Work request » The lines from the top of the records below through the one containing "in \<open>exp (s" are to be transcribed exactly, and nothing else is to be added.
[Opening Record excerpts section]
text \<open>The uninformative type 0 is always answered 0. A type \<open>\<plusminus>\<theta>\<close> with Gaussian signal \<open>s\<close> is
  answered 0 exactly when \<open>|s| \<theta> / \<sigma>\<^sup>2 \<le> g\<close>: comparing posterior losses gives a quadratic inequality
  in \<open>exp (s \<theta> / \<sigma>\<^sup>2)\<close>, and \<open>g\<close> is the logarithm of its positive root. In terms of the prior
  odds \<open>b = p / (1 - p)\<close> and \<open>u = \<theta> / \<sigma>\<close> this gives
  \<open>p' = p\<^sub>0 + (1 - p\<^sub>0) (\<Phi> (g/u - u) - \<Phi> (- g/u - u))\<close> with \<open>g = g (b, u)\<close>.
  The cutoff increases with \<open>b\<close>, which gives monotonicity in \<open>p\<close>. For \<open>\<sigma>\<close> one differentiates
  in \<open>u\<close>: the normal density at the lower endpoint is the one at the upper endpoint divided by
  \<open>exp (2 g)\<close>, and an identity satisfied by the root of the quadratic makes the derivative
  negative.\<close>

text \<open>An antiderivative of the standard normal density; only its differences occur.\<close>
definition Phi :: "real \<Rightarrow> real" where
  "Phi = (SOME F. \<forall>x. (F has_real_derivative std_normal_density x) (at x))"

lemma Phi_deriv: "(Phi has_real_derivative std_normal_density x) (at x)"
proof -
  have "\<exists>F. \<forall>x::real. -\<infinity> < x \<longrightarrow> x < \<infinity> \<longrightarrow>
      (F has_vector_derivative std_normal_density x) (at x)"
    by (rule einterval_antiderivative) (auto simp: normal_density_def intro!: continuous_intros)
  then have "\<exists>F. \<forall>x. (F has_real_derivative std_normal_density x) (at x)"
    by (auto simp: has_real_derivative_iff_has_vector_derivative)
  from someI_ex[OF this] show ?thesis
    unfolding Phi_def by blast
qed

lemma Phi_strict_mono: "strict_mono Phi"
proof (rule strict_monoI)
  show "Phi a < Phi b" if "a < b" for a b
    by (rule DERIV_pos_imp_increasing[OF that]) (auto intro!: Phi_deriv simp: normal_density_pos)
qed

lemma Phi_diff_reflect: "Phi b - Phi a = Phi (- a) - Phi (- b)"
proof -
  have "((\<lambda>x. Phi x + Phi (- x)) has_real_derivative 0) (at x)" for x
  proof -
    have "((\<lambda>x. Phi x + Phi (- x)) has_real_derivative
        std_normal_density x + std_normal_density (- x) * (- 1)) (at x)"
      by (intro DERIV_add Phi_deriv DERIV_chain2[OF Phi_deriv] derivative_eq_intros) auto
    then show ?thesis
      by (simp add: normal_density_def)
  qed
  then have "Phi b + Phi (- b) = Phi a + Phi (- a)"
    by (intro DERIV_isconst_all allI)
  then show ?thesis
    by simp
qed

lemma measure_normal_interval:
  assumes \<sigma>: "\<sigma> > 0" and "lo \<le> hi"
  shows "measure (density lborel (\<lambda>s. ennreal (normal_density \<mu> \<sigma> s))) {lo..hi}
       = Phi ((hi - \<mu>) / \<sigma>) - Phi ((lo - \<mu>) / \<sigma>)"
proof -
  define F where "F s = Phi ((s - \<mu>) / \<sigma>)" for s
  have "(F has_real_derivative normal_density \<mu> \<sigma> x) (at x)" for x
  proof -
    have "(F has_real_derivative std_normal_density ((x - \<mu>) / \<sigma>) * (1 / \<sigma>)) (at x)"
      unfolding F_def[abs_def]
      by (rule DERIV_chain2[OF Phi_deriv]) (use \<sigma> in \<open>auto intro!: derivative_eq_intros\<close>)
    moreover have "std_normal_density ((x - \<mu>) / \<sigma>) * (1 / \<sigma>) = normal_density \<mu> \<sigma> x"
      using \<sigma> by (simp add: normal_density_def real_sqrt_mult power_divide)
    ultimately show ?thesis
      by simp
  qed
  then have int: "(normal_density \<mu> \<sigma> has_integral F hi - F lo) {lo..hi}"
    using \<open>lo \<le> hi\<close>
    by (intro fundamental_theorem_of_calculus)
       (auto simp: has_real_derivative_iff_has_vector_derivative[symmetric]
             intro: has_field_derivative_at_within)
  have "emeasure (density lborel (\<lambda>s. ennreal (normal_density \<mu> \<sigma> s))) {lo..hi}
      = (\<integral>\<^sup>+x. ennreal (normal_density \<mu> \<sigma> x) * indicator {lo..hi} x \<partial>lborel)"
    by (subst emeasure_density) auto
  also have "\<dots> = (\<integral>\<^sup>+x. ennreal (indicator {lo..hi} x * normal_density \<mu> \<sigma> x) \<partial>lborel)"
    by (rule nn_integral_cong) (auto simp: indicator_def)
  also have "\<dots> = ennreal (F hi - F lo)"
    by (rule nn_integral_has_integral_lebesgue[OF _ int]) simp
  finally show ?thesis
    using has_integral_nonneg[OF int] by (simp add: measure_def F_def)
qed

lemma normal_density_factor:
  assumes "\<sigma> > 0"
  shows "normal_density \<mu> \<sigma> s
       = normal_density 0 \<sigma> s * exp (- \<mu>\<^sup>2 / (2 * \<sigma>\<^sup>2)) * exp (s * \<mu> / \<sigma>\<^sup>2)"
proof -
  have "- (s - \<mu>)\<^sup>2 / (2 * \<sigma>\<^sup>2) = - (s - 0)\<^sup>2 / (2 * \<sigma>\<^sup>2) + - \<mu>\<^sup>2 / (2 * \<sigma>\<^sup>2) + s * \<mu> / \<sigma>\<^sup>2"
    using assms by (simp add: field_simps power2_eq_square)
  then have "exp (- (s - \<mu>)\<^sup>2 / (2 * \<sigma>\<^sup>2))
      = exp (- (s - 0)\<^sup>2 / (2 * \<sigma>\<^sup>2)) * exp (- \<mu>\<^sup>2 / (2 * \<sigma>\<^sup>2)) * exp (s * \<mu> / \<sigma>\<^sup>2)"
    by (simp only: exp_add)
  then show ?thesis
    unfolding normal_density_def by simp
qed

lemma std_normal_density_reflect_shift:
  "std_normal_density (- a - u) = std_normal_density (a - u) * exp (- 2 * a * u)"
proof -
  have "- (- a - u - 0)\<^sup>2 / (2 * 1\<^sup>2) = - (a - u - 0)\<^sup>2 / (2 * 1\<^sup>2) + - 2 * a * u"
    by (simp add: power2_eq_square field_simps)
  then have "exp (- (- a - u - 0)\<^sup>2 / (2 * 1\<^sup>2)) = exp (- (a - u - 0)\<^sup>2 / (2 * 1\<^sup>2)) * exp (- 2 * a * u)"
    by (simp only: exp_add)
  then show ?thesis
    unfolding normal_density_def by simp
qed

lemma square_le_iff_le_root:
  fixes E r :: real
  assumes "E > 0"
  shows "E\<^sup>2 \<le> 2 * r * E + 3 \<longleftrightarrow> E \<le> r + sqrt (r\<^sup>2 + 3)"
proof -
  define R where "R = sqrt (r\<^sup>2 + 3)"
  have "R\<^sup>2 = r\<^sup>2 + 3"
    unfolding R_def by simp
  then have "E\<^sup>2 - 2 * r * E - 3 = (E - (r + R)) * (E - (r - R))"
    by (simp add: algebra_simps power2_eq_square)
  moreover have "r < R"
    unfolding R_def by (smt (verit) real_sqrt_abs real_sqrt_less_mono)
  ultimately show ?thesis
    using assms unfolding R_def[symmetric] by (smt (verit) mult_le_0_iff)
qed

lemma root_gt_one:
  assumes "r \<ge> 0"
  shows "r + sqrt (r\<^sup>2 + 3) > 1"
proof -
  have "1 < sqrt (r\<^sup>2 + 3)"
    by (rule real_less_rsqrt) (simp add: add_pos_nonneg)
  with assms show ?thesis
    by linarith
qed

lemma root_strict_mono:
  assumes "0 \<le> r1" "r1 < r2"
  shows "r1 + sqrt (r1\<^sup>2 + 3) < r2 + sqrt (r2\<^sup>2 + 3)"
proof -
  have "r1\<^sup>2 + 3 < r2\<^sup>2 + 3"
    using assms by (simp add: power_strict_mono)
  then have "sqrt (r1\<^sup>2 + 3) < sqrt (r2\<^sup>2 + 3)"
    by (simp only: real_sqrt_less_iff)
  with assms show ?thesis
    by linarith
qed

lemma root_identity:
  fixes r R :: real
  assumes "R\<^sup>2 = r\<^sup>2 + 3"
  shows "r * ((r + R)\<^sup>2 + 1) - R * ((r + R)\<^sup>2 - 1) = - 2 * (r + R)"
  using assms unfolding power2_eq_square by algebra

lemma sum_Theta: "tb \<noteq> 0 \<Longrightarrow> (\<Sum>v\<in>Theta tb. f v) = f (- tb) + f 0 + f tb"
  unfolding Theta_def by (simp add: algebra_simps)

lemma sym_prior_simps:
  assumes "tb \<noteq> 0"
  shows "sym_prior tb p 0 = p" "sym_prior tb p tb = (1 - p) / 2" "sym_prior tb p (- tb) = (1 - p) / 2"
  using assms unfolding sym_prior_def by auto

lemma exp_loss_zero_le_iff:
  assumes "tb \<noteq> 0" "h = tb \<or> h = - tb" "\<sigma> > 0"
    and Z: "0 < (\<Sum>w\<in>Theta tb. pr w * normal_density w \<sigma> s)"
  defines "lik v \<equiv> pr v * normal_density v \<sigma> s"
  shows "exp_loss tb pr (ereal \<sigma>) s 0 \<le> exp_loss tb pr (ereal \<sigma>) s h
     \<longleftrightarrow> lik h \<le> 3 * lik (- h) + lik 0"
proof -
  have h: "h \<noteq> 0" "Theta tb = Theta h"
    using assms(1,2) unfolding Theta_def by auto
  have loss: "exp_loss tb pr (ereal \<sigma>) s k
      = ((k + h)\<^sup>2 * lik (- h) + k\<^sup>2 * lik 0 + (k - h)\<^sup>2 * lik h)
        / (\<Sum>w\<in>Theta tb. pr w * normal_density w \<sigma> s)" for k
    using \<open>\<sigma> > 0\<close> unfolding exp_loss_def posterior_def lik_def h(2) sum_Theta[OF h(1)]
    by (simp add: add_divide_distrib)
  have "exp_loss tb pr (ereal \<sigma>) s 0 \<le> exp_loss tb pr (ereal \<sigma>) s h
      \<longleftrightarrow> 0 \<le> h\<^sup>2 * (3 * lik (- h) + lik 0 - lik h)"
    unfolding loss divide_le_cancel using Z by (simp add: algebra_simps power2_eq_square)
  also have "\<dots> \<longleftrightarrow> lik h \<le> 3 * lik (- h) + lik 0"
    using h(1) by (simp add: zero_le_mult_iff)
  finally show ?thesis .
qed

text \<open>Parameters: \<open>b = p / (1 - p)\<close> is the prior odds and \<open>u = \<theta> / \<sigma>\<close> the signal-to-noise
  ratio; \<open>scaled_odds\<close> is the coefficient \<open>r\<close> of the quadratic \<open>E\<^sup>2 = 2 r E + 3\<close> whose positive
  root defines the cutoff.\<close>
definition scaled_odds :: "real \<Rightarrow> real \<Rightarrow> real" where
  "scaled_odds b u = b * exp (u\<^sup>2 / 2)"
[Closing Record excerpts section]
Result »
text \<open>The uninformative type 0 is always answered 0. A type \<open>\<plusminus>\<theta>\<close> with Gaussian signal \<open>s\<close> is
  answered 0 exactly when \<open>|s| \<theta> / \<sigma>\<^sup>2 \<le> g\<close>: comparing posterior losses gives a quadratic inequality
  in \<open>exp (s \<theta> / \<sigma>\<^sup>2)\<close>, and \<open>g\<close> is the logarithm of its positive root. In terms of the prior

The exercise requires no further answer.